おじさんたちは「おお、いい子にいしてたか」とまるで自分の子供に接するような眼差しを向け、子供たちの頭を撫でる。
「ああ、野人の酒場の……よく来てくださいましたね」
「シスターさんご無沙汰しております。お店の食材があまったんで作りにきました」
「ええ。ええ。どうぞ、助かります。いつものように厨房を使っても大丈夫ですから」
奥から妙齢のシスター服を着こなす女性がでてくると、落ち着きのある様子で頷く。おじさんと、おばさんと親しそうに挨拶を交わしていると、私たちに目を向けた。
「それで……こちらの方は?」
「こちらは……」
おばさんはどう紹介しようか、と言った様子で私を見た。まぁ、正直にアーテル公爵の令嬢、だなんて言うわけにもいかないだろう。
畏縮したりされても困る。アンもメリーも同意して頷く。
「申し遅れました。私たちは姪のミアと申します。こちらは幼馴染のアンとメリー。今日はおばさんたちのお手伝いに来ました。よろしくお願いします」
外行のスマイル全開で名乗ると、シスターは柔らかい笑みを浮かべた。
「まぁ、まぁ、そうなのですね。わざわざありがとうございます。シスターのマルテと申します。この孤児院の副院長を務めさせて頂いてますわ」
胸の前で手を組んで、「この出会いに神のご加護がありますように」と祈った。さすが神に仕える者と言うべきか。信仰心に揺らぎがない。
挨拶を交わしていると、7歳くらいの男の子2人が私のドレスの裾を引っ張った。
「ねぇ、お姉ちゃん。僕お腹空いた~」
「昨日からなにも食べてないんだ~もうお腹ぺこぺこ」
「昨日から?あなたたち、1日に3食ご飯を食べていないの?」
衝撃の告白に耳を疑う。彼らが怖くないようにしゃがんで視線を合わせる。おじさんとおばさんは「あ~」と気まずそうに頬を掻いた。
マルテは「お客様に失礼ですよ」と子供たちを嗜める。
別の子供たちが私の言葉に肯定した。
「うん。1日に1回か2日に1回だよ。孤児院は貴族の寄付で成り立っているから、寄付がないと買えるご飯もないんだって神父様がいってた」
「……あンの無能神父」
耳端で物騒な言葉使いが聞こえたような気がしたが、言葉がしたすぐにシスターが咳払いをした。
子供たちがぎゅるるる、とお腹の音を鳴らしている。
こんな子供がひもじい思いをしているといたたまれない気持ちになる。こういう子供は沢山いるのは異世界でも変わらないようだ。
目に見えないものには「ふ~ん、大変だね」と私にとっては済ませられる話かもしれない。だが、こうして目に見えてしまうとどうしてもどうにかしてあげたくなってしまう。
でも、私にできることは少ない。こうして来て話を聞いてあげるか、料理を作ってあげることくらいだ。

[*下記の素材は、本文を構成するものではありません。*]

lemma card_hitting_tuples_Suc_pivot:
  fixes c c' :: "nat \<Rightarrow> 'a::{finite,field} list" and a :: "nat \<Rightarrow> 'a" and s k n :: nat
    and B :: "nat \<Rightarrow> 'a list set"
  defines "c'' \<equiv> \<lambda>i. map (\<lambda>j. c' i ! j - a i / a s * c' s ! j) [0..<k]"
    and "B'' \<equiv> \<lambda>b i. {y. length y = n \<and> vadd (map ((*) (a i / a s)) b) y \<in> B i}"
  assumes s: "s \<in> I" "a s \<noteq> 0" and c: "\<forall>i\<in>I. c i = a i # c' i \<and> length (c' i) = k"
    and B: "B s \<subseteq> {x. length x = n}"
  shows "card (hitting_tuples n (Suc k) I c B) \<le>
    (\<Sum>b\<in>B s. card (hitting_tuples n k (I - {s}) c'' (B'' b)))"
proof -
  let ?f = "\<lambda>vs. (lin_comb n vs (c s), tl vs)"
  let ?H = "hitting_tuples n (Suc k) I c B"
  have fin: "finite (B s)" using finite_subset[OF B] by simp
  have cons: "\<exists>v vs'. vs = v # vs' \<and> length v = n \<and> vs' \<in> tuples n k" if "vs \<in> ?H" for vs
    using that by (cases vs) (auto simp: hitting_tuples_def tuples_def)
  have cs: "c s = a s # c' s" using s c by blast
  have "inj_on ?f ?H"
  proof (rule inj_onI)
    fix vs ws assume "vs \<in> ?H" "ws \<in> ?H" and eq: "?f vs = ?f ws"
    then obtain v vs' w ws' where vw: "vs = v # vs'" "ws = w # ws'" "length v = n" "length w = n"
      using cons by blast
    have tl: "vs' = ws'" using eq vw by simp
    have "v ! p = w ! p" if "p < n" for p
    proof -
      have "lin_comb n vs (c s) ! p = lin_comb n ws (c s) ! p" using eq by simp
      then have "a s * v ! p + lin_comb n vs' (c' s) ! p = a s * w ! p + lin_comb n vs' (c' s) ! p"
        unfolding vw cs tl nth_lin_comb_Cons[OF that] .
      then show ?thesis using s(2) by simp
    qed
    then show "vs = ws" using vw tl by (simp add: nth_equalityI)
  qed
  moreover have "?f ` ?H \<subseteq> Sigma (B s) (\<lambda>b. hitting_tuples n k (I - {s}) c'' (B'' b))"
  proof clarify
    fix vs assume vs: "vs \<in> ?H"
    then obtain v vs' where vv: "vs = v # vs'" "length v = n" "vs' \<in> tuples n k"
      using cons by blast
    have "lin_comb n vs (c i) =
        vadd (map ((*) (a i / a s)) (lin_comb n vs (c s))) (lin_comb n vs' (c'' i))" if "i \<in> I - {s}" for i
    proof -
      have ci: "c i = a i # c' i" "length (c' i) = k" and cs_len: "length (c' s) = k"
        using c that s(1) by auto
      show ?thesis
        unfolding vv(1) ci(1) cs c''_def by (rule lin_comb_eliminate[OF s(2) ci(2) cs_len])
    qed
    note elim = this
    have "lin_comb n vs' (c'' i) \<in> B'' (lin_comb n vs (c s)) i" if "i \<in> I - {s}" for i
    proof -
      have "lin_comb n vs (c i) \<in> B i" using vs that by (simp add: hitting_tuples_def)
      then show ?thesis using elim[OF that] by (simp add: B''_def)
    qed
    then show "lin_comb n vs (c s) \<in> B s \<and>
        tl vs \<in> hitting_tuples n k (I - {s}) c'' (B'' (lin_comb n vs (c s)))"
      using vs vv s(1) by (simp add: hitting_tuples_def)
  qed
  moreover have fin_hit: "finite (hitting_tuples n k (I - {s}) c'' (B'' b))" for b
    by (rule finite_subset[OF _ finite_tuples[of n k]]) (auto simp: hitting_tuples_def)
  ultimately have "card ?H \<le> card (Sigma (B s) (\<lambda>b. hitting_tuples n k (I - {s}) c'' (B'' b)))"
    using fin by (intro card_inj_on_le) auto
  also have "\<dots> = (\<Sum>b\<in>B s. card (hitting_tuples n k (I - {s}) c'' (B'' b)))"
    using fin fin_hit by (intro card_SigmaI) auto
  finally show ?thesis .
qed

text \<open>In probabilistic terms: for linearly independent coefficient vectors c i, the
  combinations of a uniformly random generator tuple are independent and uniform.\<close>

lemma card_hitting_tuples:
  fixes c :: "nat \<Rightarrow> 'a::{finite,field} list"
  assumes "finite I" "\<forall>i\<in>I. length (c i) = k" "lin_indep_on k I c"
    and "\<forall>i\<in>I. B i \<subseteq> {x. length x = n}"
  shows "card (hitting_tuples n k I c B) * CARD('a) ^ (n * card I)
           \<le> (\<Prod>i\<in>I. card (B i)) * CARD('a) ^ (n * k)"
  using assms
proof (induction k arbitrary: I c B)
  case 0
  then have "I = {}" using lin_indep_on_zero_dim by blast
  moreover have "card (hitting_tuples n 0 I c B) \<le> card (tuples n 0 :: 'a list list set)"
    by (rule card_mono[OF finite_tuples]) (auto simp: hitting_tuples_def)
  ultimately show ?case by (simp add: card_tuples)
next
  case (Suc k)
  let ?q = "CARD('a)"
  define a where "a i = hd (c i)" for i
  define c' where "c' i = tl (c i)" for i
  have c: "\<forall>i\<in>I. c i = a i # c' i \<and> length (c' i) = k"
  proof
    fix i assume "i \<in> I"
    then have "length (c i) = Suc k" using Suc.prems(2) by blast
    then show "c i = a i # c' i \<and> length (c' i) = k"
      unfolding a_def c'_def by (cases "c i") auto
  qed
  show ?case
  proof (cases "\<forall>i\<in>I. a i = 0")
    case True
    then have heads: "\<forall>i\<in>I. c i = 0 # c' i" using c by simp
    have lens: "\<forall>i\<in>I. length (c' i) = k" using c by blast
    have "card (hitting_tuples n k I c' B) * ?q ^ (n * card I) \<le> (\<Prod>i\<in>I. card (B i)) * ?q ^ (n * k)"
      using Suc.IH[OF Suc.prems(1) lens lin_indep_on_tl[OF heads Suc.prems(3)] Suc.prems(4)] .
    then show ?thesis
      unfolding card_hitting_tuples_Suc_zero_heads[OF heads] by (simp add: power_add mult.left_commute)
  next
    case False
    then obtain s where s: "s \<in> I" "a s \<noteq> 0" by auto
    define c'' where "c'' i = map (\<lambda>j. c' i ! j - a i / a s * c' s ! j) [0..<k]" for i
    define B'' where "B'' b i = {y. length y = n \<and> vadd (map ((*) (a i / a s)) b) y \<in> B i}" for b i
    have IH: "card (hitting_tuples n k (I - {s}) c'' (B'' b)) * ?q ^ (n * card (I - {s}))
        \<le> (\<Prod>i\<in>I - {s}. card (B i)) * ?q ^ (n * k)" if "b \<in> B s" for b
    proof -
      have ind: "lin_indep_on k (I - {s}) c''"
        unfolding c''_def using Suc.prems(1,3) s c by (intro lin_indep_on_eliminate) auto
      have lens: "\<forall>i\<in>I - {s}. length (c'' i) = k" by (simp add: c''_def)
      have sub: "\<forall>i\<in>I - {s}. B'' b i \<subseteq> {x. length x = n}" by (auto simp: B''_def)
      have "card (hitting_tuples n k (I - {s}) c'' (B'' b)) * ?q ^ (n * card (I - {s}))
          \<le> (\<Prod>i\<in>I - {s}. card (B'' b i)) * ?q ^ (n * k)"
        using Suc.IH[OF _ lens ind sub] Suc.prems(1) by blast
      also have "\<dots> \<le> (\<Prod>i\<in>I - {s}. card (B i)) * ?q ^ (n * k)"
      proof -
        have "length b = n" using that s(1) Suc.prems(4) by auto
        moreover have "finite (B i)" if "i \<in> I - {s}" for i
        proof (rule finite_subset)
          show "B i \<subseteq> {x. length x = n}" using Suc.prems(4) that by blast
        qed simp
        ultimately have "card (B'' b i) \<le> card (B i)" if "i \<in> I - {s}" for i
          unfolding B''_def using that by (intro card_vadd_preimage_le) auto
        then show ?thesis by (intro mult_right_mono prod_mono) auto
      qed
      finally show ?thesis .
    qed
    let ?P = "\<Prod>i\<in>I - {s}. card (B i)"
    have card_I: "card I = Suc (card (I - {s}))" using Suc.prems(1) s(1) card_Suc_Diff1 by metis
    have "card (hitting_tuples n (Suc k) I c B) \<le> (\<Sum>b\<in>B s. card (hitting_tuples n k (I - {s}) c'' (B'' b)))"
      using card_hitting_tuples_Suc_pivot[OF s c] Suc.prems(4) s(1)
      unfolding c''_def B''_def by simp
    then have "card (hitting_tuples n (Suc k) I c B) * ?q ^ (n * card I)
        \<le> (\<Sum>b\<in>B s. card (hitting_tuples n k (I - {s}) c'' (B'' b))) * ?q ^ (n * card I)"
      by (rule mult_right_mono) simp
    also have "\<dots> = (\<Sum>b\<in>B s. card (hitting_tuples n k (I - {s}) c'' (B'' b)) * ?q ^ (n * card (I - {s}))) * ?q ^ n"
      unfolding card_I mult_Suc_right power_add sum_distrib_right by (simp only: mult_ac)
    also have "\<dots> \<le> (\<Sum>b\<in>B s. ?P * ?q ^ (n * k)) * ?q ^ n"
      using IH by (intro mult_right_mono sum_mono) auto
    also have "\<dots> = (card (B s) * ?P) * ?q ^ (n * Suc k)"
      by (simp only: sum_constant of_nat_id mult_Suc_right power_add mult_ac)
    also have "card (B s) * ?P = (\<Prod>i\<in>I. card (B i))"
      using prod.remove[OF Suc.prems(1) s(1), of "\<lambda>i. card (B i)"] by simp
    finally show ?thesis .
  qed
qed

section \<open>Insertion-deletion distance and subsequences\<close>

lemma relpowp_insdel_step_length_add: "(insdel_step ^^ (length a + length b)) a b"
proof -
  have del: "(insdel_step ^^ length a) a []"
  proof (induction a)
    case (Cons x a)
    have "insdel_step (x # a) a" unfolding insdel_step_def by (metis append_Nil)
    then show ?case using Cons relpowp_Suc_I2 by (metis length_Cons)
  qed simp
  have ins: "(insdel_step ^^ length b) [] b"
  proof (induction b)
    case (Cons x b)
    have "insdel_step b (x # b)" unfolding insdel_step_def by (metis append_Nil)
    then show ?case using Cons relpowp_Suc_I by (metis length_Cons)
  qed simp
  show ?thesis unfolding relpowp_add using del ins by (auto intro!: relcomppI)
qed

lemma relpowp_insdel_dist: "(insdel_step ^^ insdel_dist a b) a b"
  unfolding insdel_dist_def using relpowp_insdel_step_length_add by (rule LeastI)

lemma subseq_delete:
  assumes "subseq s (xs @ x # ys)"
  obtains s' where "subseq s' s" "subseq s' (xs @ ys)" "length s \<le> Suc (length s')"
proof -
  obtain s1 s2 where s: "s = s1 @ s2" "subseq s1 xs" "subseq s2 (x # ys)"
    using assms by (rule subseq_appendE)
  obtain s3 where s3: "subseq s3 s2" "subseq s3 ys" "length s2 \<le> Suc (length s3)"
  proof (cases "subseq s2 ys")
    case True
    then show ?thesis using that[of s2] by simp
  next
    case False
    then obtain s3 where "s2 = x # s3" "subseq s3 ys" using s(3) by (cases s2) (auto split: if_splits)
    moreover have "subseq s3 (x # s3)" by (rule list_emb_Cons[OF subseq_order.order_refl])
    ultimately show ?thesis using that[of s3] by simp
  qed
  show ?thesis
    using s s3 by (intro that[of "s1 @ s3"]) (auto intro: list_emb_append_mono)
qed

「……そっか。じゃあ、今日はいっぱいご飯たべよう。お姉ちゃん、頑張っちゃうから」
「うん!」
ごはんと言う単語に元気に頷く子供たちに可愛い、と思いながら、立ち上がった。
「アン、メリー!手伝って!子供たちがお腹いっぱい食べられるような美味しいご飯を作りましょ!」
と意気込むと、二人は「「おー!」」と腕を高らかに上げた。